Adds Microsoft.AspNetCore.Authentication.JwtBearer 8.0.21 and the
SatelliteProvider.Api.Authentication.AddSatelliteJwt extension that
validates HS256 tokens against a shared JWT_SECRET (>=32 bytes, fail
fast at startup). Every minimal-API endpoint now carries
.RequireAuthorization(); the middleware chain is UseExceptionHandler ->
UseHttpsRedirection -> UseCors -> UseAuthentication -> UseAuthorization
-> endpoints.
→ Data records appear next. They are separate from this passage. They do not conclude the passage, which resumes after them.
(* Let $X, Y \subseteq \omega$. There exists an embedding $\mathcal{K}_1^X \hookrightarrow \mathcal{K}_2^Y$ if and only if $X \le_T Y$.
   Context: A pca is a set with a partial binary application operation containing distinct $\mathrm{s},\mathrm{k}$ with $\mathrm{k}ab\downarrow=a$, $\mathrm{s}ab\downarrow$, $\mathrm{s}abc\simeq(ac)(bc)$. An embedding of pcas is an injective map $f$ with: if $ab$ is defined then $f(a)f(b)$ is defined and equals $f(ab)$. $\mathcal{K}_1^X$ is the pca on $\omega$ with $n\cdot m=\Phi^X_n(m)$, the $n$-th partial $X$-computable function applied to $m$. $\mathcal{K}_2^Y$ (in the coding used here): elements are the total $Y$-computable functions $g:\omega\to\omega$, with $g\cdot h$ the function $n\mapsto\Phi^{g\oplus h}_{g(0)}(n)$ ($\Phi_e$ the $e$-th Turing functional, $(g\oplus h)(2n)=g(n)$, $(g\oplus h)(2n+1)=h(n)$), defined if and only if this function is total. *)

theory Defs
  imports Main "HOL-Library.Nat_Bijection"
begin

text \<open>Oracle mu-recursive programs (function oracles nat => nat), as a concrete
  model of (relativised) Turing computation.\<close>

datatype recf = Z | S | Proj nat | Comp recf "recf list" | Prec recf recf | Mn recf | Orc

primrec code :: "recf \<Rightarrow> nat" where
  "code Z = prod_encode (0, 0)"
| "code S = prod_encode (1, 0)"
| "code (Proj i) = prod_encode (2, i)"
| "code (Comp f gs) = prod_encode (3, prod_encode (code f, list_encode (map code gs)))"
| "code (Prec f g) = prod_encode (4, prod_encode (code f, code g))"
| "code (Mn f) = prod_encode (5, code f)"
| "code Orc = prod_encode (6, 0)"

inductive eval :: "(nat \<Rightarrow> nat) \<Rightarrow> recf \<Rightarrow> nat list \<Rightarrow> nat \<Rightarrow> bool"
  for A :: "nat \<Rightarrow> nat" where
  eval_Z: "eval A Z xs 0"
| eval_S: "eval A S (x # xs) (Suc x)"
| eval_Proj: "i < length xs \<Longrightarrow> eval A (Proj i) xs (xs ! i)"
| eval_Comp: "length ys = length gs \<Longrightarrow> (\<forall>i < length gs. eval A (gs ! i) xs (ys ! i))
     \<Longrightarrow> eval A f ys z \<Longrightarrow> eval A (Comp f gs) xs z"
| eval_Prec0: "eval A f xs y \<Longrightarrow> eval A (Prec f g) (0 # xs) y"
| eval_PrecS: "eval A (Prec f g) (n # xs) r \<Longrightarrow> eval A g (n # r # xs) y
     \<Longrightarrow> eval A (Prec f g) (Suc n # xs) y"
| eval_Mn: "eval A f (y # xs) 0 \<Longrightarrow> (\<forall>z < y. \<exists>v. 0 < v \<and> eval A f (z # xs) v)
     \<Longrightarrow> eval A (Mn f) xs y"
| eval_Orc: "eval A Orc (x # xs) (A x)"

text \<open>\<Phi>^A_e(m) = y : the e-th partial A-computable function (Turing functional
  with oracle A) on input m halts with output y. Non-codes give the empty function.\<close>
definition Phi :: "(nat \<Rightarrow> nat) \<Rightarrow> nat \<Rightarrow> nat \<Rightarrow> nat \<Rightarrow> bool" where
  "Phi A e m y \<longleftrightarrow> (\<exists>p. code p = e \<and> eval A p [m] y)"

definition chi :: "nat set \<Rightarrow> nat \<Rightarrow> nat" where
  "chi X n = (if n \<in> X then 1 else 0)"

definition turing_le :: "nat set \<Rightarrow> nat set \<Rightarrow> bool" where
  "turing_le X Y \<longleftrightarrow> (\<exists>e. \<forall>m. Phi (chi Y) e m (chi X m))"

definition join :: "(nat \<Rightarrow> nat) \<Rightarrow> (nat \<Rightarrow> nat) \<Rightarrow> nat \<Rightarrow> nat" where
  "join g h x = (if even x then g (x div 2) else h (x div 2))"

definition app1 :: "nat set \<Rightarrow> nat \<Rightarrow> nat \<Rightarrow> nat option" where
  "app1 X n m = (if \<exists>y. Phi (chi X) n m y then Some (THE y. Phi (chi X) n m y) else None)"

definition K2_carrier :: "nat set \<Rightarrow> (nat \<Rightarrow> nat) set" where
  "K2_carrier Y = {g. \<exists>e. \<forall>n. Phi (chi Y) e n (g n)}"

definition app2 :: "(nat \<Rightarrow> nat) \<Rightarrow> (nat \<Rightarrow> nat) \<Rightarrow> (nat \<Rightarrow> nat) option" where
  "app2 g h = (if \<forall>n. \<exists>y. Phi (join g h) (g 0) n y
     then Some (\<lambda>n. THE y. Phi (join g h) (g 0) n y) else None)"

definition embedding_K1_K2 :: "nat set \<Rightarrow> nat set \<Rightarrow> (nat \<Rightarrow> (nat \<Rightarrow> nat)) \<Rightarrow> bool" where
  "embedding_K1_K2 X Y f \<longleftrightarrow>
     (\<forall>n. f n \<in> K2_carrier Y) \<and> inj f \<and>
     (\<forall>a b c. app1 X a b = Some c \<longrightarrow> app2 (f a) (f b) = Some (f c))"

end

theory Submission
  imports Defs
begin

text \<open>
  If \<open>X \<le>\<^sub>T Y\<close>, map \<open>a\<close> to the function that holds the code of one fixed program at 0,
  \<open>a\<close> at 1 and \<open>\<chi>\<^sub>X\<close> from 2 on; it is \<open>Y\<close>-computable, and the fixed program reads \<open>a\<close> and \<open>b\<close>
  off the oracle \<open>f(a) \<oplus> f(b)\<close> and runs a universal program on them, with the copy of
  \<open>\<chi>\<^sub>X\<close> inside \<open>f(a)\<close> as oracle.

  Conversely, if \<open>f\<close> is an embedding, then \<open>f(m+1) = f(s)\<cdot>f(m)\<close> and \<open>f(\<chi>\<^sub>X(m)) = f(o)\<cdot>f(m)\<close>,
  where \<open>s\<close> and \<open>o\<close> are the codes of the successor and of the oracle program, and \<open>\<chi>\<^sub>X(m)\<close>
  can be read off \<open>f(\<chi>\<^sub>X(m))(d)\<close> at a point \<open>d\<close> where \<open>f(0)\<close> and \<open>f(1)\<close> differ. Computing
  this from \<open>Y\<close> means evaluating programs whose oracles are themselves outputs of programs,
  nested to depth \<open>m\<close>.

  Both directions therefore rest on one universal program: it searches for a finite
  certificate of a computation in which every oracle answer is either read from the base
  oracle or certified as the output of a computation at a lower level.
\<close>

section \<open>Programs are deterministic\<close>

inductive_cases eval_ZE: "eval A Z xs y"
inductive_cases eval_SE: "eval A S xs y"
inductive_cases eval_ProjE: "eval A (Proj i) xs y"
inductive_cases eval_CompE: "eval A (Comp f gs) xs y"
inductive_cases eval_PrecE: "eval A (Prec f g) xs y"
inductive_cases eval_MnE: "eval A (Mn f) xs y"
inductive_cases eval_OrcE: "eval A Orc xs y"

lemma eval_functional: "eval A p xs y \<Longrightarrow> eval A p xs y' \<Longrightarrow> y = y'"
proof (induct arbitrary: y' rule: eval.induct)
  case (eval_Comp ys gs xs f z)
  from eval_Comp.prems obtain ys' where ys': "length ys' = length gs"
    "\<forall>i<length gs. eval A (gs ! i) xs (ys' ! i)" "eval A f ys' y'"
    by (auto elim: eval_CompE)
  have "ys' = ys"
  proof (rule nth_equalityI)
    show "length ys' = length ys" using ys' eval_Comp.hyps(1) by simp
    show "ys' ! i = ys ! i" if "i < length ys'" for i
      using that ys' eval_Comp.hyps(1,2) by metis
  qed
  then show ?case using ys' eval_Comp.hyps(4) by auto
next
  case (eval_Prec0 f xs y g)
  from eval_Prec0.prems have "eval A f xs y'" by (auto elim: eval_PrecE)
  then show ?case using eval_Prec0.hyps by auto
next
  case (eval_PrecS f g n xs r y)
  from eval_PrecS.prems obtain r' where
    "eval A (Prec f g) (n # xs) r'" "eval A g (n # r' # xs) y'"
    by (auto elim: eval_PrecE)
  then show ?case using eval_PrecS.hyps(2,4) by auto
next
  case (eval_Mn f y xs)
  from eval_Mn.prems have zero: "eval A f (y' # xs) 0"
    and pos: "\<forall>z<y'. \<exists>v. 0 < v \<and> eval A f (z # xs) v"
    by (auto elim: eval_MnE)
  show ?case
  proof (rule linorder_cases)
    assume "y < y'"
    with pos obtain v where "0 < v" "eval A f (y # xs) v" by blast
    with eval_Mn.hyps(2) show ?thesis by auto
  next
    assume "y' < y"
    with eval_Mn.hyps(3) obtain v where "0 < v" "\<forall>w. eval A f (y' # xs) w \<longrightarrow> v = w"
      by blast
    with zero show ?thesis by auto
  qed
next
  case (eval_Z xs)
  then show ?case by (auto elim: eval_ZE)
next
  case (eval_S x xs)
  then show ?case by (auto elim: eval_SE)
next
  case (eval_Proj i xs)
  then show ?case by (auto elim: eval_ProjE)
next
  case (eval_Orc x xs)
  then show ?case by (auto elim: eval_OrcE)
qed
Swagger UI gets a Bearer security definition so the
Authorize button works.

Test infrastructure: JwtTokenFactory (unit) and JwtTestHelpers
(integration) mint deterministic tokens against the same secret; the
integration test runner attaches a default Bearer token to its shared
HttpClient so existing tests continue to exercise protected endpoints.
JwtIntegrationTests adds AC-1..AC-4 and AC-7 (Swagger advertises
Bearer) end-to-end; AuthenticationServiceCollectionExtensionsTests
covers AC-5 (missing/empty/short secret fail-fast) plus env-var
precedence; JwtTokenFactoryTests covers AC-6 (claims pass through
the JwtSecurityTokenHandler.ValidateToken path JwtBearer uses).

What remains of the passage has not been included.